Generate some XAML for your User Input

Now we are ready to do something with our input file, so save a sample of user input into a text file in something like UserInput.txt

The sample I saved is similar to:

About my pets

Razor is a Terrier that is a
9 year old female, and her color is white.
She will jump for 15 seconds and bark for 2 minutes.
She eats 1 cup of food for breakfast and
eats 2 cups of food for dinner.

Rocket is a Rat Terrier that is a 6 year old male,
and his color is black.

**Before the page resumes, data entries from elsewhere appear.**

lemma RL_invariant:
  assumes W: "W \<in> RL A x c c'" and s: "(n,f,g) \<in> W" and t: "(n',f',g') \<in> W"
    and slide: "\<And>k1 k2 h \<alpha> \<beta>. obM k1 \<Longrightarrow> obM k2 \<Longrightarrow> arM h \<Longrightarrow> dM h = k2 \<Longrightarrow> cM h = k1 \<Longrightarrow>
      arC \<alpha> \<Longrightarrow> dC \<alpha> = c \<Longrightarrow> cC \<alpha> = actO A k2 x \<Longrightarrow> arC \<beta> \<Longrightarrow> dC \<beta> = actO A k1 x \<Longrightarrow> cC \<beta> = c' \<Longrightarrow>
      F k1 (\<alpha> \<cdot> wh h x) \<beta> = F k2 \<alpha> (wh h x \<cdot> \<beta>)"
  shows "F n f g = F n' f' g'"
proof -
  have "((n,f,g), (n',f',g')) \<in> genrel (opt_reps A c c' x x) (opt_step A c c' x x)"
    using in_quotient_imp_in_rel[OF genrel_equiv RL_quotient[OF W]] s t by blast
  then have "case_prod (\<lambda>n. case_prod (F n)) (n,f,g) = case_prod (\<lambda>n. case_prod (F n)) (n',f',g')"
  proof (rule genrel_respects[rotated])
    fix a b assume "(a, b) \<in> opt_step A c c' x x"
    then obtain k1 k2 h \<alpha> \<beta> where "a = (k1, \<alpha> \<cdot> wh h x, \<beta>)" "b = (k2, \<alpha>, wh h x \<cdot> \<beta>)"
      and "arM h" "dM h = k2" "cM h = k1" "arC \<alpha>" "dC \<alpha> = c" "cC \<alpha> = actO A k2 x"
        "arC \<beta>" "dC \<beta> = actO A k1 x" "cC \<beta> = c'"
      unfolding opt_step_def hom_iff by blast
    moreover have "obM k1" "obM k2" using calculation Mob by auto
    ultimately show "case_prod (\<lambda>n. case_prod (F n)) a = case_prod (\<lambda>n. case_prod (F n)) b"
      using slide by simp
  qed
  then show ?thesis by simp
qed
(* For every graph $G$ and every positive integer $\alpha$, $\mathrm{tw}(G)\le 5\,\mathrm{ecrw}(G)-1$ and $\mathrm{tw}(G)\le 3\,\mathrm{ecrw}_\alpha(G)+2\alpha-1$.
   Context: A tree-cut decomposition of a graph $G$ is a pair $\mathcal{T}=(T,\{X_t\}_{t\in V(T)})$ where $T$ is a tree and the bags $X_t\subseteq V(G)$ are pairwise disjoint (possibly empty) with $\bigcup_{t\in V(T)}X_t=V(G)$. For a node $t$ of $T$, let $T_1,\dots,T_m$ be the connected components of $T-t$ and $Z_i=\bigcup_{s\in V(T_i)}X_s$; $\mathrm{cross}_{\mathcal{T}}(t)$ is the number of edges of $G$ whose two endpoints lie in two distinct sets among $Z_1,\dots,Z_m$ (if $T$ has one node, $\mathrm{cross}_{\mathcal T}(t)=0$). The crossing number of $\mathcal{T}$ is $\max_{t}\mathrm{cross}_{\mathcal{T}}(t)$, and the thickness of $\mathcal{T}$ is $\max_t|X_t|$. $\mathrm{ecrw}_\alpha(G)$ is the minimum crossing number over tree-cut decompositions of $G$ of thickness at most $\alpha$. The edge-crossing width of $\mathcal T$ is the maximum of its crossing number and its thickness, and $\mathrm{ecrw}(G)$ is the minimum edge-crossing width over all tree-cut decompositions of $G$. $\mathrm{tw}(G)$ denotes tree-width. *)

theory Defs
  imports Main
begin

definition graph :: "'a set \<Rightarrow> 'a set set \<Rightarrow> bool" where
  "graph V E \<longleftrightarrow> finite V \<and> (\<forall>e\<in>E. \<exists>u v. e = {u, v} \<and> u \<noteq> v \<and> u \<in> V \<and> v \<in> V)"

definition adj_in :: "'b set set \<Rightarrow> 'b set \<Rightarrow> 'b \<Rightarrow> 'b \<Rightarrow> bool" where
  "adj_in F S x y \<longleftrightarrow> {x, y} \<in> F \<and> x \<in> S \<and> y \<in> S"

definition connected_in :: "'b set set \<Rightarrow> 'b set \<Rightarrow> bool" where
  "connected_in F S \<longleftrightarrow> (\<forall>x\<in>S. \<forall>y\<in>S. (adj_in F S)\<^sup>*\<^sup>* x y)"

definition is_tree :: "'b set \<Rightarrow> 'b set set \<Rightarrow> bool" where
  "is_tree N F \<longleftrightarrow> graph N F \<and> N \<noteq> {} \<and> connected_in F N \<and> card F = card N - 1"

definition tree_decomp :: "'a set \<Rightarrow> 'a set set \<Rightarrow> nat set \<Rightarrow> nat set set \<Rightarrow> (nat \<Rightarrow> 'a set) \<Rightarrow> bool" where
  "tree_decomp V E N F B \<longleftrightarrow> is_tree N F
     \<and> (\<forall>t\<in>N. B t \<subseteq> V)
     \<and> (\<forall>v\<in>V. \<exists>t\<in>N. v \<in> B t)
     \<and> (\<forall>e\<in>E. \<exists>t\<in>N. e \<subseteq> B t)
     \<and> (\<forall>v\<in>V. connected_in F {t\<in>N. v \<in> B t})"

definition td_width :: "nat set \<Rightarrow> (nat \<Rightarrow> 'a set) \<Rightarrow> int" where
  "td_width N B = int (Max ((\<lambda>t. card (B t)) ` N)) - 1"

definition treewidth :: "'a set \<Rightarrow> 'a set set \<Rightarrow> int" where
  "treewidth V E = Inf {td_width N B | N F B. tree_decomp V E N F B}"

definition tree_cut_decomp :: "'a set \<Rightarrow> 'a set set \<Rightarrow> nat set \<Rightarrow> nat set set \<Rightarrow> (nat \<Rightarrow> 'a set) \<Rightarrow> bool" where
  "tree_cut_decomp V E N F X \<longleftrightarrow> is_tree N F
     \<and> (\<forall>s\<in>N. \<forall>t\<in>N. s \<noteq> t \<longrightarrow> X s \<inter> X t = {})
     \<and> (\<Union>t\<in>N. X t) = V"

definition same_comp :: "nat set \<Rightarrow> nat set set \<Rightarrow> nat \<Rightarrow> nat \<Rightarrow> nat \<Rightarrow> bool" where
  "same_comp N F t s s' \<longleftrightarrow> (adj_in F (N - {t}))\<^sup>*\<^sup>* s s'"

definition cross :: "'a set set \<Rightarrow> nat set \<Rightarrow> nat set set \<Rightarrow> (nat \<Rightarrow> 'a set) \<Rightarrow> nat \<Rightarrow> nat" where
  "cross E N F X t = card {e\<in>E. \<exists>u v s s'. e = {u, v} \<and> s \<in> N - {t} \<and> s' \<in> N - {t}
      \<and> u \<in> X s \<and> v \<in> X s' \<and> \<not> same_comp N F t s s'}"

definition crossing_number :: "'a set set \<Rightarrow> nat set \<Rightarrow> nat set set \<Rightarrow> (nat \<Rightarrow> 'a set) \<Rightarrow> nat" where
  "crossing_number E N F X = Max (cross E N F X ` N)"

definition thickness :: "nat set \<Rightarrow> (nat \<Rightarrow> 'a set) \<Rightarrow> nat" where
  "thickness N X = Max ((\<lambda>t. card (X t)) ` N)"

definition ecrw_alpha :: "nat \<Rightarrow> 'a set \<Rightarrow> 'a set set \<Rightarrow> nat" where
  "ecrw_alpha \<alpha> V E = Inf {crossing_number E N F X | N F X.
       tree_cut_decomp V E N F X \<and> thickness N X \<le> \<alpha>}"

definition ecrw :: "'a set \<Rightarrow> 'a set set \<Rightarrow> nat" where
  "ecrw V E = Inf {max (crossing_number E N F X) (thickness N X) | N F X.
       tree_cut_decomp V E N F X}"

end

theory Submission
  imports Defs
begin

text \<open>Root the tree of a tree-cut decomposition \<open>(T, X)\<close>. Keeping the tree, give node \<open>t\<close>
  the bag consisting of \<open>X t\<close>, the endpoints of all edges crossing \<open>t\<close>, and the vertices
  outside the subtree of \<open>t\<close> with a neighbour in \<open>X t\<close>. This is a tree decomposition, and
  its bag at \<open>t\<close> lies in \<open>X t \<union> X (parent t)\<close> plus both endpoints of every edge crossing
  \<open>t\<close> plus one endpoint of every edge crossing the parent, so it has at most
  \<open>2 \<cdot> thickness + 3 \<cdot> crossing number\<close> vertices. Both bounds follow by applying this to an
  optimal decomposition.\<close>

lemma graph_edges_subset_Pow: "graph V E \<Longrightarrow> E \<subseteq> Pow V"
  unfolding graph_def by fastforce

lemma graph_finite_edges: "graph V E \<Longrightarrow> finite E"
  using graph_edges_subset_Pow finite_Pow_iff finite_subset unfolding graph_def by metis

He will whine for 3 minutes.
He eats 2 cups of food for dinner

Next run the following:

C:\MyDirectory\mgx /r:[MyGramamrFile].mx UserInput.txt /t:xaml

This will generate a XAML file from your sample user input or let you know any errors that may have occurred.

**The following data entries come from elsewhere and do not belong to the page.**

text \<open>Pairing \<open>f x w\<close> with \<open>f w x\<close> inductively, rather than from \<open>2 S = 0\<close>, works in characteristic 2.\<close>

lemma sum_offdiag_antisym_eq_0:
  fixes f :: "'a \<Rightarrow> 'a \<Rightarrow> 'b::ab_group_add"
  assumes "finite V" and "\<And>x w. x \<in> V \<Longrightarrow> w \<in> V \<Longrightarrow> x \<noteq> w \<Longrightarrow> f w x = - f x w"
  shows "(\<Sum>x\<in>V. \<Sum>w\<in>V - {x}. f x w) = 0"
  using assms
proof (induction V rule: finite_induct)
  case empty
  then show ?case by simp
next
  case (insert y V)
  have "(\<Sum>x\<in>insert y V. \<Sum>w\<in>insert y V - {x}. f x w)
      = (\<Sum>w\<in>V. f y w) + (\<Sum>x\<in>V. f x y + (\<Sum>w\<in>V - {x}. f x w))"
    using insert.hyps by (auto simp: insert_Diff_if intro!: sum.cong)
  also have "\<dots> = (\<Sum>w\<in>V. f y w + f w y) + (\<Sum>x\<in>V. \<Sum>w\<in>V - {x}. f x w)"
    by (simp add: sum.distrib add.assoc)
  also have "(\<Sum>w\<in>V. f y w + f w y) = 0"
    using insert.hyps insert.prems by (intro sum.neutral) force
  also have "(\<Sum>x\<in>V. \<Sum>w\<in>V - {x}. f x w) = 0"
    using insert.IH insert.prems by blast
  finally show ?case by simp
qed

lemma sum_bdry_component_eq_0:
  fixes b :: "'v set \<Rightarrow> 'k::field"
  assumes fin: "finite (\<Union>K)" and chain: "is_chain K 2 b"
    and closed: "\<And>y z. {y, z} \<in> K \<Longrightarrow> y \<noteq> z \<Longrightarrow> y \<in> C \<Longrightarrow> z \<in> C"
  shows "(\<Sum>x\<in>\<Union>K \<inter> C. bdry K b {x}) = 0"
proof -
  let ?V = "\<Union>K \<inter> C"
  define f where "f x w = bsign K {x, w} w * b {x, w}" for x w
  have "bdry K b {x} = (\<Sum>w\<in>?V - {x}. f x w)" if x: "x \<in> ?V" for x
  proof -
    have "bdry K b {x} = (\<Sum>w\<in>\<Union>K - {x}. f x w)"
      unfolding bdry_def f_def by (simp add: insert_commute)
    also have "\<dots> = (\<Sum>w\<in>?V - {x}. f x w)"
    proof (rule sum.mono_neutral_right)
      show "\<forall>w\<in>\<Union>K - {x} - (?V - {x}). f x w = 0"
      proof
        fix w assume w: "w \<in> \<Union>K - {x} - (?V - {x})"
        have "b {x, w} = 0"
          using chain closed[of x w] x w unfolding is_chain_def by blast
        then show "f x w = 0" by (simp add: f_def)
      qed
    qed (use fin in auto)
    finally show ?thesis .
  qed
  then have "(\<Sum>x\<in>?V. bdry K b {x}) = (\<Sum>x\<in>?V. \<Sum>w\<in>?V - {x}. f x w)"
    by (rule sum.cong[OF refl])
  also have "\<dots> = 0"
  proof (rule sum_offdiag_antisym_eq_0)
    fix x w assume "x \<in> ?V" "w \<in> ?V" "x \<noteq> w"
    then have antisym: "bsign K {x, w} x = - bsign K {x, w} w"
      using fin by (intro bsign_pair_antisym) auto
    have "f w x = bsign K {x, w} x * b {x, w}" by (simp add: f_def insert_commute)
    also have "\<dots> = - f x w" unfolding antisym f_def by simp
    finally show "f w x = - f x w" .
  qed (use fin in auto)
  finally show ?thesis .
qed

From my sample grammar, here is portion of the generated XAML.

Getting at this data in .NET

This is nice, and may be a little easier to parse, but what I really want to do is deserialize MGraph into a tree of POCO (plain old CLR objects) so I can do some “stuff” with the data. I built a simple method to load the compiled grammar, and build an in-memory representation of the parsed user input with an instance of System.Dataflow.GraphBuilder from the Oslo runtime library.

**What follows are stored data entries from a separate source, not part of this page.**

lemma height_swap_tails:
  assumes "d \<le> length s" "d \<le> length t" "height h s d = height h' t d"
  shows "height h (take d s @ drop d t) k = (if k \<le> d then height h s k else height h' t k)"
proof (cases "k \<le> d")
  case True
  then show ?thesis using assms by (simp add: height_def min_def)
next
  case False
  then have "take k (take d s @ drop d t) = take d s @ take (k - d) (drop d t)"
    using assms(1) by simp
  moreover have "take k t = take d t @ take (k - d) (drop d t)"
    using False take_add[of d "k - d" t] by simp
  ultimately show ?thesis using False assms by (simp add: height_def)
qed

lemma swap_tails_in_step_seqs:
  "s \<in> step_seqs n \<Longrightarrow> t \<in> step_seqs n \<Longrightarrow> d \<le> n \<Longrightarrow> take d s @ drop d t \<in> step_seqs n"
  using set_take_subset[of d s] set_drop_subset[of d t] by (auto simp: step_seqs_def)

text \<open>P and R are the heights of the outer walks, Q that of the middle one, and d is the first
  time Q touches P or R.\<close>

lemma meeting_after_tail_swap:
  fixes P Q R :: "nat \<Rightarrow> int"
  assumes "Q d = P d" and first: "\<forall>k<d. Q k \<noteq> P k \<and> Q k \<noteq> R k"
    and between: "\<forall>k\<le>n. P k = R k \<longrightarrow> (\<exists>e\<le>k. Q e = P e \<or> Q e = R e)"
  shows "(\<exists>k\<le>n. Q k = R k) \<longleftrightarrow> (\<exists>k\<le>n. (if k \<le> d then P k else Q k) = R k)"
proof -
  have swapped: "(if k \<le> d then P k else Q k) = R k \<longleftrightarrow> d \<le> k \<and> Q k = R k" if "k \<le> n" for k
  proof (cases "k < d")
    case True
    have "P k \<noteq> R k"
    proof
      assume "P k = R k"
      then obtain e where "e \<le> k" "Q e = P e \<or> Q e = R e" using between \<open>k \<le> n\<close> by blast
      then show False using first True by (meson le_less_trans)
    qed
    then show ?thesis using True by simp
  next
    case False
    then show ?thesis using assms(1) by (cases "k = d") simp_all
  qed
  have "Q k = R k \<longleftrightarrow> d \<le> k \<and> Q k = R k" for k
    using first by (meson not_le)
  with swapped show ?thesis by blast
qed

lemma card_Diff_Un:
  assumes "finite U" "A \<subseteq> U" "B \<subseteq> U"
  shows "int (card (U - (A \<union> B))) = int (card U) - int (card A) - int (card B) + int (card (A \<inter> B))"
proof -
  have fin: "finite A" "finite B" using assms finite_subset by auto
  have AB: "finite (A \<union> B)" "A \<union> B \<subseteq> U" using fin assms by auto
  have "card (U - (A \<union> B)) = card U - card (A \<union> B)"
    using AB by (rule card_Diff_subset)
  moreover have "card (A \<union> B) \<le> card U"
    using assms(1) AB(2) by (rule card_mono)
  moreover have "card A + card B = card (A \<union> B) + card (A \<inter> B)"
    using fin by (rule card_Un_Int)
  ultimately show ?thesis by (simp add: of_nat_diff)
qed

lemma involution_bij_betw:
  assumes "\<forall>x\<in>U. f x \<in> U \<and> f (f x) = x" "A \<subseteq> U" "C \<subseteq> U" "\<forall>x\<in>U. x \<in> A \<longleftrightarrow> f x \<in> C"
  shows "bij_betw f A C"
  by (rule bij_betw_byWitness[where f' = f]) (use assms in \<open>auto 4 3\<close>)

locale nested_starts =
  fixes a b c :: int
  assumes a_le_b: "a \<le> b" and b_le_c: "b \<le> c"
    and even_b_minus_a: "even (b - a)" and even_c_minus_b: "even (c - b)"
begin

lemma outer_meeting_passes_middle:
  assumes "s1 \<in> step_seqs n" "s2 \<in> step_seqs n" "s3 \<in> step_seqs n" "k \<le> n"
    and "height a s1 k = height c s3 k"
  shows "\<exists>e\<le>k. height b s2 e = height a s1 e \<or> height b s2 e = height c s3 e"
proof (cases "height b s2 k \<le> height a s1 k")
  case True
  from walks_meet_if_cross[OF assms(1,2,4) a_le_b even_b_minus_a True]
  obtain e where "e \<le> k" "height a s1 e = height b s2 e" by blast
  then show ?thesis by (intro exI[of _ e]) simp
next
  case False
  then have "height c s3 k \<le> height b s2 k" using assms(5) by linarith
  from walks_meet_if_cross[OF assms(2,3,4) b_le_c even_c_minus_b this]
  obtain e where "e \<le> k" "height b s2 e = height c s3 e" by blast
  then show ?thesis by (intro exI[of _ e]) simp
qed

lemma outer_intersection_passes_middle:
  assumes "s1 \<in> step_seqs n" "s2 \<in> step_seqs n" "s3 \<in> step_seqs n"
    and "walks_intersect a s1 c s3"
  shows "walks_intersect a s1 b s2 \<or> walks_intersect b s2 c s3"
  using assms outer_meeting_passes_middle[OF assms(1-3)]
  by (simp add: walks_intersect_iff_height) (metis order_trans)

definition contact :: "int list \<Rightarrow> int list \<Rightarrow> int list \<Rightarrow> nat \<Rightarrow> bool" where
  "contact s1 s2 s3 k \<longleftrightarrow> height b s2 k = height a s1 k \<or> height b s2 k = height c s3 k"

lemma ex_contact_iff:
  assumes "s1 \<in> step_seqs n" "s2 \<in> step_seqs n" "s3 \<in> step_seqs n"
  shows "(\<exists>k\<le>n. contact s1 s2 s3 k) \<longleftrightarrow> walks_intersect a s1 b s2 \<or> walks_intersect b s2 c s3"
  unfolding contact_def walks_intersect_iff_height[OF assms(1,2)] walks_intersect_iff_height[OF assms(2,3)]
  by (auto simp: eq_commute[of "height b s2 _" "height a s1 _"])

definition switch :: "nat \<Rightarrow> int list \<times> int list \<times> int list \<Rightarrow> int list \<times> int list \<times> int list" where
  "switch n = (\<lambda>(s1, s2, s3).
     if \<exists>k\<le>n. contact s1 s2 s3 k then
       let d = LEAST k. contact s1 s2 s3 k in
       if height a s1 d = height b s2 d
       then (take d s1 @ drop d s2, take d s2 @ drop d s1, s3)
       else (s1, take d s2 @ drop d s3, take d s3 @ drop d s2)
     else (s1, s2, s3))"

lemma switch_at_first_contact:
  assumes "d \<le> n" "contact s1 s2 s3 d" "\<forall>k<d. \<not> contact s1 s2 s3 k"
  shows "switch n (s1, s2, s3) =
    (if height a s1 d = height b s2 d
     then (take d s1 @ drop d s2, take d s2 @ drop d s1, s3)
     else (s1, take d s2 @ drop d s3, take d s3 @ drop d s2))"
proof -
  have "(LEAST k. contact s1 s2 s3 k) = d"
    using assms(2,3) by (intro Least_equality) (auto simp: not_less[symmetric])
  then show ?thesis using assms(1,2) by (auto simp: switch_def Let_def)
qed

lemma switch_without_contact:
  "\<not> (\<exists>k\<le>n. contact s1 s2 s3 k) \<Longrightarrow> switch n (s1, s2, s3) = (s1, s2, s3)"
  unfolding switch_def by (simp only: prod.case if_False)

lemma switch_at_contact12:
  assumes U: "s1 \<in> step_seqs n" "s2 \<in> step_seqs n" "s3 \<in> step_seqs n"
    and d: "d \<le> n" "contact s1 s2 s3 d" "\<forall>k<d. \<not> contact s1 s2 s3 k"
    and meet12: "height a s1 d = height b s2 d"
    and t: "t1 = take d s1 @ drop d s2" "t2 = take d s2 @ drop d s1"
  shows "switch n (s1, s2, s3) = (t1, t2, s3) \<and> switch n (t1, t2, s3) = (s1, s2, s3)
    \<and> t1 \<in> step_seqs n \<and> t2 \<in> step_seqs n
    \<and> (walks_intersect b s2 c s3 \<longleftrightarrow> walks_intersect a t1 c s3)"
proof -
  have len: "length s1 = n" "length s2 = n" using U by (auto simp: step_seqs_def)
  have t_in: "t1 \<in> step_seqs n" "t2 \<in> step_seqs n"
    using t swap_tails_in_step_seqs U d(1) by simp_all
  have h1: "height a t1 k = (if k \<le> d then height a s1 k else height b s2 k)" for k
    using height_swap_tails[of d s1 s2 a b] t len d(1) meet12 by simp
  have h2: "height b t2 k = (if k \<le> d then height b s2 k else height a s1 k)" for k
    using height_swap_tails[of d s2 s1 b a] t len d(1) meet12 by simp
  have "switch n (t1, t2, s3) = (take d t1 @ drop d t2, take d t2 @ drop d t1, s3)"
    using switch_at_first_contact[of d n t1 t2 s3] d h1 h2 meet12 by (simp add: contact_def)
  moreover have "(\<exists>k\<le>n. height b s2 k = height c s3 k) \<longleftrightarrow> (\<exists>k\<le>n. height a t1 k = height c s3 k)"
    unfolding h1
    by (rule meeting_after_tail_swap[where P = "height a s1" and Q = "height b s2"])
      (use meet12 d(3) outer_meeting_passes_middle[OF U] in \<open>auto simp: contact_def\<close>)
  ultimately show ?thesis
    using switch_at_first_contact[OF d] meet12 t t_in len d(1) U
    by (simp add: walks_intersect_iff_height)
qed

Before you get started, you need to add references to your project:

using Microsoft.M;
using System.DataFlow;

Both can be found in the <Program Files>\Microsoft Oslo\1.0\bin directory

Create our Parser

First we need an class that knows how to format parsing errors, this will inherit from System.DataFlow.ErrorReporter.

using System;
using System.Dataflow;
using System.Linq;

namespace PetParser
{
    class ParserErrorReporter : ErrorReporter
    {
        protected override void OnError(ErrorInformation errorInformation)
        {
            string msg = string.Format(errorInformation.Message, errorInformation.Arguments.ToArray());

            throw new FormatException(
                string.Format("Syntax error at [{0}, {1}]: {2}",
                errorInformation.Location.Span.Start.Line,
                errorInformation.Location.Span.Start.Column,
                msg));
        }
    }
}

Parse the User Input

Next we’ll create a simple method to load up our compiled grammar, build a parser instance, perform the parse and hand the MGraph representation as an object graph of a set System.Dataflow.Node instance.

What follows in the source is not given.